Par cet odieux transfert, ils exploitent la sympathie légitime des popula­tions arabes et musulmanes à l'égard du peuple palestinien martyrisé en tentant de la transformer en haine des Juifs, lesquels juifs ne seraient à leur tour habités que par une inextinguible haine des Musulmans et de l'Islam. Ce faisant, par un vicieux retournement des choses, ils es­comptent aussi exploiter et renforcer l'antisémitisme des populations oc­cidentales elles-mêmes. Chacun sait les accointances entre eux et cer­taines franges de l'extrême droite européenne...

En désignant les Juifs comme les uniques responsables de leurs malheurs, en les présentant comme les principaux instigateurs de la politique occidentale, les islamistes judaïsent l'Occident pour le rendre plus haïssable par les populations arabes et musulmanes. Ce faisant, par cette piteuse théorie de la manipulation totale, ils tentent de disqualifier et rendre sans signification ce qui, en Occident, est en opposition frontale avec leur idéologie obscurantiste, à savoir la démocratie, la liberté, les droits de l'homme et de la femme, l'état de droit... Il ne faut pas s'y méprendre : il y a un large consensus entre les différentes composantes de l'islamisme quant à l'objectif de prise de pouvoir régional sans remettre en cause la colonisation du monde par l’Occident. Et c'est pour cette raison que, dans leur actuel bras de fer avec l’Occident, les franges violentes disposent sans doute de larges sympathies de la part des "modérés".

Plus l'Occident sera fragilisé plus vite arrivera l'heure de la prise du pouvoir local. Et le vent leur est manifestement favorable. La brutalité de la colonisation occidentale du monde fait dresser des pans entiers des populations arabes et musulmanes contre l'Occident. Les États européens sont divisés. La complexification de la colonisation multiplie les zones de vulnérabilité. Et c'est autour de ces nombreuses zones de vulnérabilité qu'une guérilla internationale est en train de prendre forme. Il suffit d'équipes légères et de moyens très modestes - eu égard à la puissance militaire de l'Occident - pour maintenir un état de guerre continue.

Cet état de guerre accentuera la radicalisation de part et d'autre et empê­chera l''émergence de nouvelles forces politiques laïques en remplace­ment des dirigeants disqualifiés qui se maintiennent au pouvoir par la force des armes et par la perfusion occidentale.

L'issue de cette situation ne fait guère de doute : il faut s'attendre à ce que les Américains, dans un souci d'éviter la vietnamisation de la région, remettent les clefs des États à des islamistes dits "modérés" et provoquent une déferlante islamiste de l'Irak au Maroc.

Une fois installés, les islamistes sauront retrouver le chemin de la récon­ciliation avec les États-Unis.
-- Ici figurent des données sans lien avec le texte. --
(* Let $E$ be an Anderson $t$-module of dimension $d$ over $\mathscr O_L$ and $P$ a monic irreducible polynomial of $A$. Then the $P$-adic logarithm $\log_{\widetilde E,P}$ is injective on $\Omega_z^+=\{x\in\mathbb T_z(L_P)^d:v_P(x)>0\}$.
   Context: $\mathbb F_q$ finite field, $A=\mathbb F_q[\theta]$, $K=\mathbb F_q(\theta)$, $L/K$ finite, $\mathscr O_L$ integral closure of $A$ in $L$, $\tau$ the $q$-Frobenius. An Anderson $t$-module of dimension $d$ over $\mathscr O_L$ is an $\mathbb F_q$-algebra homomorphism $E:A\to M_d(\mathscr O_L)\{\tau\}$, $E_a=\sum_iE_{a,i}\tau^i$, with $(E_{a,0}-aI_d)^d=0$, $\deg_\tau E_\theta>0$. $\log_E=\sum l_n\tau^n$ is the unique series with $l_0=I_d$ and $\log_EE_a=E_{a,0}\log_E$. With $z$ an indeterminate fixed by $\tau$, $\widetilde E_a=\sum E_{a,i}z^i\tau^i$ and $\log_{\widetilde E}=\sum l_nz^n\tau^n$. $K_P$ is the $P$-adic completion of $K$, $\mathbb T_z(K_P)$ the Tate algebra in $z$ with Gauss valuation, $\mathbb T_z(L_P)=L\otimes_K\mathbb T_z(K_P)$, with $v_P(\sum f_i\otimes x_i)=\min v_P(x_i)$ for a fixed $A$-basis $(f_i)$ of $\mathscr O_L$, and minimum over coordinates on $d$-tuples. $\log_{\widetilde E,P}$ is $\log_{\widetilde E}$ viewed as a $P$-adic function; it converges on $\Omega_z^+$. *)

theory Defs
  imports "HOL-Analysis.Finite_Cartesian_Product"
          "HOL-Computational_Algebra.Polynomial_Factorial"
          "HOL-Computational_Algebra.Fraction_Field"
          "HOL-Library.Extended_Real"
begin

text \<open>Setting: 'k is the finite field F_q (q = CARD('k)), A = 'k poly, K = 'k poly fract,
  L is a field 'l with a field embedding iota : K -> L, matrices are 'l^'d^'d (d = CARD('d)).\<close>

definition is_ring_hom :: "('a::ring_1 \<Rightarrow> 'b::ring_1) \<Rightarrow> bool" where
  "is_ring_hom f \<longleftrightarrow> f 0 = 0 \<and> f 1 = 1 \<and>
     (\<forall>x y. f (x + y) = f x + f y) \<and> (\<forall>x y. f (x * y) = f x * f y)"

definition embA :: "('k::field poly fract \<Rightarrow> 'l::field) \<Rightarrow> 'k poly \<Rightarrow> 'l" where
  "embA \<iota> a = \<iota> (Fract a 1)"
theorem lemma5p5:
  "\<exists>C::real. \<forall>k d n. \<forall>B::real mat.
     1 \<le> k \<longrightarrow> k < d \<longrightarrow> 1 \<le> n \<longrightarrow> B \<in> carrier_mat n d \<longrightarrow>
     (\<exists>(s::nat \<Rightarrow> nat) (P::real mat).
        inj_on s {..<k} \<and> s ` {..<k} \<subseteq> {..<d} \<and>
        P \<in> carrier_mat d k \<and> (\<forall>j<k. col P j = unit_vec d (s j)) \<and>
        frob_sq (B - (B * P) * pinv (B * P) * B)
          \<le> C * real k * real d * best_rank_err B k)"
proof (intro exI[of _ 4] allI impI)
  fix k d n :: nat and B :: "real mat"
  assume "1 \<le> k" "k < d" "1 \<le> n" and B: "B \<in> carrier_mat n d"
  then obtain s where "inj_on s {..<k}" and ssub: "s ` {..<k} \<subseteq> {..<d}"
    and "frob_sq (B - (B * sel_mat d k s) * pinv (B * sel_mat d k s) * B)
      \<le> 4 * real k * real d * best_rank_err B k"
    using exists_col_selection_le_best_rank_err[OF B \<open>1 \<le> k\<close> less_imp_le[OF \<open>k < d\<close>]] by blast
  moreover have "\<forall>j<k. col (sel_mat d k s) j = unit_vec d (s j)"
    using ssub by (auto intro: col_sel_mat)
  ultimately show "\<exists>s P. inj_on s {..<k} \<and> s ` {..<k} \<subseteq> {..<d} \<and> P \<in> carrier_mat d k \<and>
      (\<forall>j<k. col P j = unit_vec d (s j)) \<and>
      frob_sq (B - B * P * pinv (B * P) * B) \<le> 4 * real k * real d * best_rank_err B k"
    using sel_mat_carrier_mat[of d k s] by blast
qed

end
(* Let $\alpha\in\mathbb R$. There exists $\beta_0<0$ such that for every $\beta\in[\beta_0,0)$ and $\delta\in\big(0,e^{-1/\sqrt{|\beta|}}\big)$, $$\Big\|\beta U\sum_{r=1}^q\tilde V_r^2\Big\|_{L^{4/3}(\mathbb R^4)}+\Big\|\Delta\tilde V+\tilde V^3+\beta U^2\tilde V+\alpha\tilde V\sum_{r=2}^q\tilde V_r^2\Big\|_{L^{4/3}(\mathbb R^4)}=\mathcal O(|\beta|\delta),$$ i.e. the left-hand side is bounded by $C|\beta|\delta$ with $C$ independent of $\beta,\delta$.
   Context: Let $q\geq2$ and $k\geq2$ be integers. Let $U(x)=\frac{2\sqrt2}{1+|x|^2}$ on $\mathbb R^4$, $U_{\delta,\xi}(x)=\frac1\delta U(\frac{x-\xi}\delta)$. For $\delta\in(0,1)$ let $\rho=\sqrt{1-\delta^2}$, $\tilde\xi_\ell=\frac{\rho}{\sqrt2}\big(\cos\frac{2\pi(\ell-1)}k,\sin\frac{2\pi(\ell-1)}k,\cos\frac{2\pi(\ell-1)}k,\sin\frac{2\pi(\ell-1)}k\big)$, $\ell=1,\dots,k$, and $\tilde V=\sum_{\ell=1}^kU_{\delta,\tilde\xi_\ell}$. For $\theta\in\mathbb R$, $\mathscr T_\theta(x_1,x_2,x_3,x_4)=(x_1\cos\theta-x_2\sin\theta,\,x_1\sin\theta+x_2\cos\theta,\,x_3\cos\theta+x_4\sin\theta,\,-x_3\sin\theta+x_4\cos\theta)$, $\mathscr T_r=\mathscr T_{(r-1)\pi/q}$, and $\tilde V_r(x)=\tilde V(\mathscr T_rx)$ for $r=1,\dots,q$ (so $\tilde V_1=\tilde V$). *)

theory Defs
  imports "HOL-Analysis.Analysis"
begin

definition U :: "real^4 \<Rightarrow> real" where
  "U x = 2 * sqrt 2 / (1 + (norm x)^2)"

definition Ubub :: "real \<Rightarrow> real^4 \<Rightarrow> real^4 \<Rightarrow> real" where
  "Ubub \<delta> \<xi> x = (1 / \<delta>) * U ((1 / \<delta>) *\<^sub>R (x - \<xi>))"

definition xi_tilde :: "nat \<Rightarrow> real \<Rightarrow> nat \<Rightarrow> real^4" where
  "xi_tilde k \<delta> l =
    (let \<rho> = sqrt (1 - \<delta>^2); \<theta> = 2 * pi * (real l - 1) / real k in
     vector [\<rho> / sqrt 2 * cos \<theta>, \<rho> / sqrt 2 * sin \<theta>,
             \<rho> / sqrt 2 * cos \<theta>, \<rho> / sqrt 2 * sin \<theta>])"

definition V_tilde :: "nat \<Rightarrow> real \<Rightarrow> real^4 \<Rightarrow> real" where
  "V_tilde k \<delta> x = (\<Sum>l=1..k. Ubub \<delta> (xi_tilde k \<delta> l) x)"

definition rotT :: "real \<Rightarrow> real^4 \<Rightarrow> real^4" where
  "rotT \<theta> x = vector [x$1 * cos \<theta> - x$2 * sin \<theta>, x$1 * sin \<theta> + x$2 * cos \<theta>,
                       x$3 * cos \<theta> + x$4 * sin \<theta>, - x$3 * sin \<theta> + x$4 * cos \<theta>]"

definition V_r :: "nat \<Rightarrow> nat \<Rightarrow> real \<Rightarrow> nat \<Rightarrow> real^4 \<Rightarrow> real" where
  "V_r q k \<delta> r x = V_tilde k \<delta> (rotT ((real r - 1) * pi / real q) x)"

definition partial :: "4 \<Rightarrow> (real^4 \<Rightarrow> real) \<Rightarrow> real^4 \<Rightarrow> real" where
  "partial i f x = deriv (\<lambda>t. f (x + t *\<^sub>R axis i 1)) 0"

definition laplacian :: "(real^4 \<Rightarrow> real) \<Rightarrow> real^4 \<Rightarrow> real" where
  "laplacian f x = (\<Sum>i\<in>UNIV. partial i (partial i f) x)"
En Occident, les Européens seront les per­dants de la nouvelle ère car leurs dirigeants auront soutenu jusqu'au bout - pour empêcher l'arrivée des islamistes - des régimes totalitaires despo­tiques corrompus et surtout inefficaces et déconsidérés. Ensuite, ce sera aux peuples arabes et musulmans de payer le plus lourd tribut : leurs droits seront réduits à une peau de chagrin, leurs forces vives quitteront les pays, leur niveau de vie baissera encore et la colonisation occidentale en sortira renforcée.

C'est pour cette raison que les peuples du monde arabo-musulman et les peuples d'Europe gagneront à se mobiliser ensemble et séparément pour aider à l'émergence de forces nouvelles et laïques dans les pays arabes et musulmans, forces capables de porter haut la lutte pour les libertés, la dé­mocratie, les droits de l'homme - et de la femme - . Mais elles devront porter en amont de leurs revendications la nécessité de mettre fin à la co­lonisation occidentale du monde, condition nécessaire pour que tous les humains - sans exception - soient admis à la table de l'humanité à égalité totale des droits et des devoirs, condition nécessaire pour que soient re­connus les droits des individus et des sociétés à une vie libre et juste.